Saturday, June 9, 2007


Just got back from the Banquet dinner of Buklod Ng Pagkakaisa, in Lancaster, California. It was part of a week-long celebration of Filipino Week, as proclaimed by the city officials of Lancaster. I wrote my speech down - see below - but in fact I did not read it, and so the actual talk came out slightly different. It was a well-attended event, with almost 150 guests, including State Senator George Runner and his wife Assemblywoman Sharon Runner, Mayor Bishop Henry W. Hearns, and Vice Mayor Andy Visokey. The event ran smoothly, thanks to the organizers, including Dante Gilhang, Armand Rivera, Ray Childs, Susan Bernardo, Medelin Webb, Emerita Ross, Robert Resurreccion, Gina Gilhang, Pacita Alarcon, Carlos Alarcon, Dory Quiambao, and Socrates Oberes. It was a very pleasant event, with food, dancing (folk and modern), a few speeches, and a lot of nice people and dedicated people around. I might add that Mayor Hearns was most charming to me and my son. He had a lengthy talk with my civil engineer son; apparently Mayor Hearns was himself a civil engineer.
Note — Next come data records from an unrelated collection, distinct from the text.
lemma override_on_in_cube:
  "A \<subseteq> {..<m} \<Longrightarrow> z \<in> cube m \<Longrightarrow> x \<in> bits A \<Longrightarrow> override_on z x A \<in> cube m"
  unfolding cube_def override_on_def by (auto simp: PiE_def extensional_def)

lemma sum_override_on_bits:
  fixes F :: "(nat \<Rightarrow> bool) \<Rightarrow> 'a::comm_ring_1"
  assumes A: "A \<subseteq> {..<m}"
  shows "(\<Sum>z\<in>cube m. \<Sum>x\<in>bits A. F (override_on z x A)) = of_nat (2 ^ card A) * (\<Sum>z\<in>cube m. F z)"
proof -
  have fA: "finite A" using A finite_subset by blast
  let ?split = "\<lambda>(z, x). (override_on z x A, restrict z A)"
  have inv: "?split (?split p) = p" if "p \<in> cube m \<times> bits A" for p
    using that by (auto simp: override_on_def PiE_def extensional_def fun_eq_iff split: prod.splits)
  have maps: "?split p \<in> cube m \<times> bits A" if "p \<in> cube m \<times> bits A" for p
    using that override_on_in_cube[OF A] by (auto split: prod.splits)
  have "(\<Sum>z\<in>cube m. \<Sum>x\<in>bits A. F (override_on z x A)) = (\<Sum>(z, x)\<in>cube m \<times> bits A. F (override_on z x A))"
    by (rule sum.cartesian_product)
  also have "\<dots> = (\<Sum>(w, u)\<in>cube m \<times> bits A. F w)"
    by (rule sum.reindex_bij_witness[where i = ?split and j = ?split]) (use inv maps in auto)
  also have "\<dots> = (\<Sum>w\<in>cube m. of_nat (2 ^ card A) * F w)"
    by (simp add: sum.cartesian_product[symmetric] card_bits[OF fA])
  finally show ?thesis by (simp add: sum_distrib_left)
qed

definition cube_avg :: "nat \<Rightarrow> ((nat \<Rightarrow> bool) \<Rightarrow> 'a::real_normed_field) \<Rightarrow> 'a" where
  "cube_avg m F = (\<Sum>z\<in>cube m. F z) / 2 ^ m"

lemma cube_avg_cong: "(\<And>z. z \<in> cube m \<Longrightarrow> F z = G z) \<Longrightarrow> cube_avg m F = cube_avg m G"
  unfolding cube_avg_def by (metis sum.cong)

lemma cube_avg_const [simp]: "cube_avg m (\<lambda>_. c) = c"
  unfolding cube_avg_def by (simp add: card_cube)

lemma cube_avg_diff: "cube_avg m (\<lambda>z. F z - G z) = cube_avg m F - cube_avg m G"
  unfolding cube_avg_def by (simp add: sum_subtractf diff_divide_distrib)

lemma cube_avg_mult_left: "cube_avg m (\<lambda>z. c * F z) = c * cube_avg m F"
  unfolding cube_avg_def by (simp add: sum_distrib_left)

lemma cube_avg_mult_right: "cube_avg m (\<lambda>z. F z * c) = cube_avg m F * c"
  unfolding cube_avg_def by (simp add: sum_distrib_right)

lemma cube_avg_divide: "cube_avg m (\<lambda>z. F z / c) = cube_avg m F / c"
  unfolding cube_avg_def by (simp add: sum_divide_distrib[symmetric])

lemma cube_avg_sum: "cube_avg m (\<lambda>z. \<Sum>l\<in>L. F l z) = (\<Sum>l\<in>L. cube_avg m (F l))"
  unfolding cube_avg_def by (simp add: sum.swap[of _ L] sum_divide_distrib)

lemma Re_cube_avg: "Re (cube_avg m F) = cube_avg m (\<lambda>z. Re (F z))"
proof -
  have "cube_avg m F = (\<Sum>z\<in>cube m. F z) / complex_of_real (2 ^ m)"
    unfolding cube_avg_def by simp
  then show ?thesis by (simp add: Re_divide_of_real Re_sum cube_avg_def)
qed

lemma norm_cube_avg_le: "norm (cube_avg m F) \<le> cube_avg m (\<lambda>z. norm (F z))"
proof -
  have "norm (cube_avg m F) = norm (\<Sum>z\<in>cube m. F z) / 2 ^ m"
    unfolding cube_avg_def by (simp add: norm_divide norm_power)
  also have "\<dots> \<le> (\<Sum>z\<in>cube m. norm (F z)) / 2 ^ m"
    by (intro divide_right_mono norm_sum) auto
  finally show ?thesis unfolding cube_avg_def by simp
qed

lemma cube_avg_mono: "(\<And>z. z \<in> cube m \<Longrightarrow> F z \<le> G z) \<Longrightarrow> cube_avg m F \<le> (cube_avg m G :: real)"
  unfolding cube_avg_def by (intro divide_right_mono sum_mono) auto

lemma unif_prob_eq_cube_avg: "unif_prob m P = cube_avg m (\<lambda>z. if P z then 1 else 0)"
proof -
  have "real (card {z \<in> cube m. P z}) = (\<Sum>z\<in>cube m. if P z then 1 else 0)"
    using sum.inter_filter[of "cube m" "\<lambda>_. 1::real" P] by simp
  then show ?thesis unfolding unif_prob_def cube_avg_def by simp
qed

section \<open>Partial averages and independence\<close>

text \<open>Conditional expectation of F given the coordinates of z outside A.\<close>

definition partial_avg :: "nat set \<Rightarrow> ((nat \<Rightarrow> bool) \<Rightarrow> 'a::real_normed_field) \<Rightarrow> (nat \<Rightarrow> bool) \<Rightarrow> 'a" where
  "partial_avg A F z = (\<Sum>x\<in>bits A. F (override_on z x A)) / 2 ^ card A"

lemma partial_avg_eq_mean:
  "finite A \<Longrightarrow> partial_avg A F z = (\<Sum>x\<in>bits A. F (override_on z x A)) / of_nat (card (bits A))"
  unfolding partial_avg_def by (simp add: card_bits)

lemma cube_avg_partial_avg: "A \<subseteq> {..<m} \<Longrightarrow> cube_avg m (partial_avg A F) = cube_avg m F"
  unfolding cube_avg_def partial_avg_def
  by (simp add: sum_divide_distrib[symmetric] sum_override_on_bits)

definition depends_on :: "nat \<Rightarrow> nat set \<Rightarrow> ((nat \<Rightarrow> bool) \<Rightarrow> 'b) \<Rightarrow> bool" where
  "depends_on m S F \<longleftrightarrow> (\<forall>x\<in>cube m. \<forall>y\<in>cube m. (\<forall>j\<in>S. x j = y j) \<longrightarrow> F x = F y)"

lemma depends_onD:
  "depends_on m S F \<Longrightarrow> x \<in> cube m \<Longrightarrow> y \<in> cube m \<Longrightarrow> (\<And>j. j \<in> S \<Longrightarrow> x j = y j) \<Longrightarrow> F x = F y"
  unfolding depends_on_def by blast

lemma depends_onI:
  "(\<And>x y. x \<in> cube m \<Longrightarrow> y \<in> cube m \<Longrightarrow> (\<And>j. j \<in> S \<Longrightarrow> x j = y j) \<Longrightarrow> F x = F y) \<Longrightarrow> depends_on m S F"
  unfolding depends_on_def by blast

lemma depends_on_mono: "depends_on m S F \<Longrightarrow> S \<subseteq> S' \<Longrightarrow> depends_on m S' F"
  by (rule depends_onI, erule depends_onD) auto

lemma depends_on_comp: "depends_on m S F \<Longrightarrow> depends_on m S (\<lambda>z. h (F z))"
  unfolding depends_on_def by metis

lemma depends_on_mult:
  "depends_on m S F \<Longrightarrow> depends_on m T G \<Longrightarrow> depends_on m (S \<union> T) (\<lambda>z. F z * G z)"
  unfolding depends_on_def by (metis Un_iff)

lemma depends_on_prod:
  fixes r :: nat
  shows "(\<And>a. a < r \<Longrightarrow> depends_on m (S a) (F a)) \<Longrightarrow> depends_on m (\<Union>a<r. S a) (\<lambda>z. \<Prod>a<r. F a z)"
proof (induction r)
  case 0
  then show ?case by (simp add: depends_on_def)
next
  case (Suc r)
  have "depends_on m ((\<Union>a<r. S a) \<union> S r) (\<lambda>z. (\<Prod>a<r. F a z) * F r z)"
    using Suc by (intro depends_on_mult) auto
  then show ?case by (simp add: lessThan_Suc Un_commute mult.commute)
qed

lemma depends_on_empty_const:
  "depends_on m {} F \<Longrightarrow> z \<in> cube m \<Longrightarrow> z' \<in> cube m \<Longrightarrow> F z = F z'"
  by (erule depends_onD) auto

lemma partial_avg_mult_left:
  assumes "depends_on m S G" "S \<inter> A = {}" "A \<subseteq> {..<m}" "z \<in> cube m"
  shows "partial_avg A (\<lambda>w. G w * H w) z = G z * partial_avg A H z"
proof -
  have "G (override_on z x A) = G z" if "x \<in> bits A" for x
    using assms(2)
    by (intro depends_onD[OF assms(1) override_on_in_cube[OF assms(3,4) that] assms(4)])
       (auto simp: override_on_def)
  then show ?thesis unfolding partial_avg_def by (simp add: sum_distrib_left)
qed

lemma depends_on_partial_avg:
  assumes "depends_on m S H" "A \<subseteq> {..<m}"
  shows "depends_on m (S - A) (partial_avg A H)"
proof (rule depends_onI)
  fix z z' assume z: "z \<in> cube m" and z': "z' \<in> cube m" and agree: "\<And>j. j \<in> S - A \<Longrightarrow> z j = z' j"
  have "H (override_on z x A) = H (override_on z' x A)" if "x \<in> bits A" for x
    using agree
    by (intro depends_onD[OF assms(1) override_on_in_cube[OF assms(2) z that] override_on_in_cube[OF assms(2) z' that]])
       (auto simp: override_on_def)
  then show "partial_avg A H z = partial_avg A H z'"
    unfolding partial_avg_def by (simp cong: sum.cong)
qed

lemma partial_avg_const_if_depends_on:
  assumes "depends_on m A F" "A \<subseteq> {..<m}" "z \<in> cube m"
  shows "partial_avg A F z = cube_avg m F"
proof -
  have const: "depends_on m {} (partial_avg A F)"
    using depends_on_partial_avg[OF assms(1,2)] by simp
  have "cube_avg m F = cube_avg m (partial_avg A F)"
    by (rule cube_avg_partial_avg[OF assms(2), symmetric])
  also have "\<dots> = cube_avg m (\<lambda>_. partial_avg A F z)"
    by (rule cube_avg_cong) (rule depends_on_empty_const[OF const _ assms(3)])
  finally show ?thesis by simp
qed

lemma cube_avg_mult_independent:
  fixes F G :: "(nat \<Rightarrow> bool) \<Rightarrow> 'a::real_normed_field"
  assumes F: "depends_on m S F" and G: "depends_on m T G" and "S \<inter> T = {}" and S: "S \<subseteq> {..<m}"
  shows "cube_avg m (\<lambda>z. F z * G z) = cube_avg m F * cube_avg m G"
proof -
  have TS: "T \<inter> S = {}" using \<open>S \<inter> T = {}\<close> by blast
  have "cube_avg m (\<lambda>z. F z * G z) = cube_avg m (partial_avg S (\<lambda>z. G z * F z))"
    using cube_avg_partial_avg[OF S, of "\<lambda>z. G z * F z"] by (simp add: mult.commute)
  also have "\<dots> = cube_avg m (\<lambda>z. G z * cube_avg m F)"
    by (rule cube_avg_cong)
       (simp add: partial_avg_mult_left[OF G TS S] partial_avg_const_if_depends_on[OF F S])
  finally show ?thesis by (simp add: cube_avg_mult_right mult.commute)
qed

lemma cube_avg_prod_independent:
  fixes F :: "nat \<Rightarrow> (nat \<Rightarrow> bool) \<Rightarrow> 'a::real_normed_field"
    and r :: nat
  assumes "\<And>a. a < r \<Longrightarrow> depends_on m (S a) (F a)"
    and "\<And>a. a < r \<Longrightarrow> S a \<subseteq> {..<m}"
    and "\<And>a b. a < r \<Longrightarrow> b < r \<Longrightarrow> a \<noteq> b \<Longrightarrow> S a \<inter> S b = {}"
  shows "cube_avg m (\<lambda>z. \<Prod>a<r. F a z) = (\<Prod>a<r. cube_avg m (F a))"
  using assms
proof (induction r)
  case 0
  then show ?case by simp
next
  case (Suc r)
  have disj: "S r \<inter> (\<Union>a<r. S a) = {}"
  proof -
    have "S r \<inter> S a = {}" if "a < r" for a
      using Suc.prems(3)[of r a] that by simp
    then show ?thesis by blast
  qed
  have "cube_avg m (\<lambda>z. \<Prod>a<Suc r. F a z) = cube_avg m (\<lambda>z. F r z * (\<Prod>a<r. F a z))"
    by (simp add: mult.commute)
  also have "\<dots> = cube_avg m (F r) * cube_avg m (\<lambda>z. \<Prod>a<r. F a z)"
    by (rule cube_avg_mult_independent[OF _ depends_on_prod disj]) (simp_all add: Suc.prems)
  also have "cube_avg m (\<lambda>z. \<Prod>a<r. F a z) = (\<Prod>a<r. cube_avg m (F a))"
    by (rule Suc.IH) (simp_all add: Suc.prems)
  finally show ?case by (simp add: mult.commute)
qed

section \<open>Locality\<close>

lemma dep_set_subset: "dep_set m g i \<subseteq> {..<m}"
  unfolding dep_set_def by auto

lemma output_eq_if_agree_on_dep_set:
  assumes "x \<in> cube m" "y \<in> cube m" "\<And>j. j \<in> dep_set m g i \<Longrightarrow> x j = y j"
  shows "g x i = g y i"
  using assms(1,3)
proof (induction "card {j\<in>{..<m}. x j \<noteq> y j}" arbitrary: x)
  case 0
  have "x j = y j" for j
  proof (cases "j < m")
    case False
    then show ?thesis using 0(2) assms(2) by (simp add: cube_def PiE_def extensional_def)
  qed (use 0(1) in auto)
  then show ?case by (simp add: fun_eq_iff)
next
  case (Suc c)
  then have "{j\<in>{..<m}. x j \<noteq> y j} \<noteq> {}" by (metis card.empty nat.distinct(1))
  then obtain j where j: "j < m" "x j \<noteq> y j" by blast
  define x' where "x' = x(j := \<not> x j)"
  have "j \<notin> dep_set m g i" using Suc.prems(2) j by blast
  then have "g x i = g x' i" using j Suc.prems(1) unfolding dep_set_def x'_def by auto
  also have "g x' i = g y i"
  proof (rule Suc.hyps(1))
    have "{j'\<in>{..<m}. x' j' \<noteq> y j'} = {j'\<in>{..<m}. x j' \<noteq> y j'} - {j}"
      using j unfolding x'_def by auto
    then show "c = card {j'\<in>{..<m}. x' j' \<noteq> y j'}" using Suc.hyps(2) j by simp
    show "x' \<in> cube m" using Suc.prems(1) j
      unfolding x'_def cube_def by (auto simp: PiE_def extensional_def)
    show "x' k = y k" if "k \<in> dep_set m g i" for k
      using Suc.prems(2)[OF that] \<open>j \<notin> dep_set m g i\<close> that unfolding x'_def by auto
  qed
  finally show ?case .
qed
This service group does a lot of good work and should be congratulated.

Talk Given to the Filipino Week Banquet and Dinner Dance of Buklod ng Pagkakaisa (Bond of Unity) – Saturday, June 9, 2007, 7-midnight, Lancaster Room, Esssex House, 44916 N. 10th St. West Lancaster, CA 93534

Good evening – my husband could not be here; he had to go to Wisconsin, consequently my youngest son Andrew is here to accompany me. When you see him, please thank him for sacrificing his Saturday night, to be able to drive me here.

Before my husband left, I was thinking aloud about what I should say to you, and my husband said, “Crack a joke.” I wondered what I could share with you and the only one I could think off was the one that involves Filipinos in Daley City near San Francisco. It goes: Why is it very foggy in Daley City? The answer is because all the rice cookers are on.

I would like to thank Pacita Alarcon for inviting me. I am honored to be here with you. Pacita sent me a copy of your January Induction Ball program and I noted that you have programs to feed the homeless, you give scholarships, you have established the celebration of Filipino week in June, and have gotten a Proclamation of Filipino Week from your city officials since 1994. I was particularly impressed with your seniors program and looked at the pictures of the May-June senior Prince and Princesses celebrating their birthdays at your Lunch-Bingo hour. I understand that aside from the Lunch-Bingo hour, there is also a social hour, with dancing . . . and food – I am certain of it. I cannot imagine any Filipino event without food.

These senior get-togethers are very important, especially because many of our older folk feel lonely and misplaced here in America – and so these get-togethers where they meet other Filipinos is psychologically significant.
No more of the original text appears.